Here's an analysis of the provided text regarding the Labotect Insemination Catheter 320301.

It's important to note that this document describes a traditional medical device (catheter) and not an AI/ML-driven device. Therefore, many of the questions related to AI performance, ground truth, training sets, and expert consensus for AI will not be directly applicable.

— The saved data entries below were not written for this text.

(* Let $A_1,\dots,A_p\in M_m$, let $\langle\mathcal{S}\rangle_0$ (resp. $\langle\mathcal{S}\rangle_1$) be the unital (resp. not necessarily unital) subalgebra of $M_m$ generated by $A_1,\dots,A_p$, and let $\tau(X)=\sum_{i=1}^pA_i^*XA_i$ on $M_m$. Let $(a_n)_{n\ge0}$ be strictly positive scalars such that $\sum_{n\ge0}a_n\tau^n$ converges in norm. Then for $j=0,1$ there exists a natural number $N_j\le m^2$ such that the coefficient space of $\sum_{n=j}^{N_j}a_n\tau^n$ equals $\langle\mathcal{S}\rangle_j$, and the Choi rank of $\sum_{n=j}^{N_j}a_n\tau^n$ equals $\dim\langle\mathcal{S}\rangle_j$.
   Context: $\tau^0$ is the identity map. For a completely positive map $\sigma$ on $M_m$ with Choi-Kraus decomposition $\sigma(X)=\sum_kC_k^*XC_k$, the coefficient space of $\sigma$ is $\mathrm{span}\{C_k\}$ (independent of the decomposition) and its dimension is the Choi rank of $\sigma$. *)

theory Defs
  imports "HOL-Analysis.Analysis"
begin

type_synonym 'm cmat = "complex^'m^'m"

definition cscale :: "complex \<Rightarrow> 'm::finite cmat \<Rightarrow> 'm cmat" where
  "cscale c A = (\<chi> i j. c * A $ i $ j)"

definition cadj :: "'m::finite cmat \<Rightarrow> 'm cmat" where
  "cadj A = (\<chi> i j. cnj (A $ j $ i))"

definition is_subalg :: "'m::finite cmat set \<Rightarrow> bool" where
  "is_subalg B \<longleftrightarrow> module.subspace cscale B \<and> (\<forall>x\<in>B. \<forall>y\<in>B. x ** y \<in> B)"
lemma filterlim_depolarized_qform_not_supp_op:
  assumes psd: "psd_mat n A" and n: "0 < n" and v: "v \<in> carrier_vec n" "v \<notin> supp_op n A"
  shows "filterlim (\<lambda>\<epsilon>. Re (inv_supp_qform n (depolarized n \<epsilon> A) (of_real (1 - \<epsilon>) \<cdot>\<^sub>v v))) at_top (at_right 0)"
proof -
  have h: "hermitian_mat n A" by (rule psd_mat_hermitian[OF psd])
  obtain y k where y: "y \<in> carrier_vec n" and k: "k \<in> carrier_vec n"
    and v_eq: "v = A *\<^sub>v y + k" and Ak: "A *\<^sub>v k = 0\<^sub>v n"
    using hermitian_range_kernel_decomp[OF h v(1)] .
  have "k \<noteq> 0\<^sub>v n"
    using v y v_eq hermitian_mat_carrier[OF h] supp_opI[OF y, of "A"] by auto
  then obtain i where i: "i < n" "k$i \<noteq> 0" using k by (auto simp: vec_eq_iff)
  define K2 where "K2 = Re (k \<bullet>c k)"
  define T where "T = (\<Sum>i<n. cmod (k$i))"
  define C where "C = real n * K2\<^sup>2 / T\<^sup>2"
  have "0 < K2"
    using cscalar_prod_self_nonneg[OF k] cscalar_prod_self_eq_0_iff[OF k] \<open>k \<noteq> 0\<^sub>v n\<close>
    by (simp add: K2_def order_less_le)
  moreover have "0 < T" unfolding T_def using i by (intro sum_pos2[of _ i]) auto
  ultimately have C: "0 < C" using n by (simp add: C_def)
  let ?q = "\<lambda>\<epsilon>. Re (inv_supp_qform n (depolarized n \<epsilon> A) (of_real (1 - \<epsilon>) \<cdot>\<^sub>v v))"
  have "filterlim (\<lambda>\<epsilon>::real. (1 - \<epsilon>)\<^sup>2 / \<epsilon>) at_top (at_right 0)" by real_asymp
  then have "filterlim (\<lambda>\<epsilon>. C * ((1 - \<epsilon>)\<^sup>2 / \<epsilon>)) at_top (at_right 0)"
    by (rule filterlim_tendsto_pos_mult_at_top[OF tendsto_const C])
  moreover have "eventually (\<lambda>\<epsilon>. C * ((1 - \<epsilon>)\<^sup>2 / \<epsilon>) \<le> ?q \<epsilon>) (at_right 0)"
  proof (rule eventually_at_rightI[of 0 1])
    fix \<epsilon> :: real assume "\<epsilon> \<in> {0<..<1}"
    then have \<epsilon>: "0 < \<epsilon>" "\<epsilon> < 1" by auto
    obtain w where w: "w \<in> carrier_vec n"
      and eq: "of_real (1 - \<epsilon>) \<cdot>\<^sub>v (A *\<^sub>v w) + of_real (\<epsilon> / real n) \<cdot>\<^sub>v w = of_real (1 - \<epsilon>) \<cdot>\<^sub>v v"
      and qform: "inv_supp_qform n (depolarized n \<epsilon> A) (of_real (1 - \<epsilon>) \<cdot>\<^sub>v v) = w \<bullet>c (of_real (1 - \<epsilon>) \<cdot>\<^sub>v v)"
      using depolarized_qform_resolvent[OF psd n \<epsilon>(1) _ v(1)] \<epsilon>(2) by auto
    have "(1 - \<epsilon>)\<^sup>2 * K2\<^sup>2 / (\<epsilon> / real n * T\<^sup>2) \<le> ?q \<epsilon>"
      unfolding qform K2_def T_def
      using resolvent_form_kernel_lower_bound[OF psd _ _ v(1) w eq y k \<open>k \<noteq> 0\<^sub>v n\<close> v_eq Ak] \<epsilon> n
      by simp
    also have "(1 - \<epsilon>)\<^sup>2 * K2\<^sup>2 / (\<epsilon> / real n * T\<^sup>2) = C * ((1 - \<epsilon>)\<^sup>2 / \<epsilon>)"
      using \<epsilon> n \<open>0 < T\<close> by (simp add: C_def field_simps)
    finally show "C * ((1 - \<epsilon>)\<^sup>2 / \<epsilon>) \<le> ?q \<epsilon>" .
  qed simp
  ultimately show ?thesis by (rule filterlim_at_top_mono)
qed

The details provided are for a medical device seeking 510(k) clearance based on substantial equivalence to predicate devices, which focuses on design, material, and manufacturing standards, not algorithmic performance.

Acceptance Criteria and Device Performance

Since this is not an AI/ML device, the "acceptance criteria" are related to manufacturing standards, biocompatibility, and functional aspects for an insemination catheter. The device performance is tied to meeting these specific criteria for safety and effectiveness.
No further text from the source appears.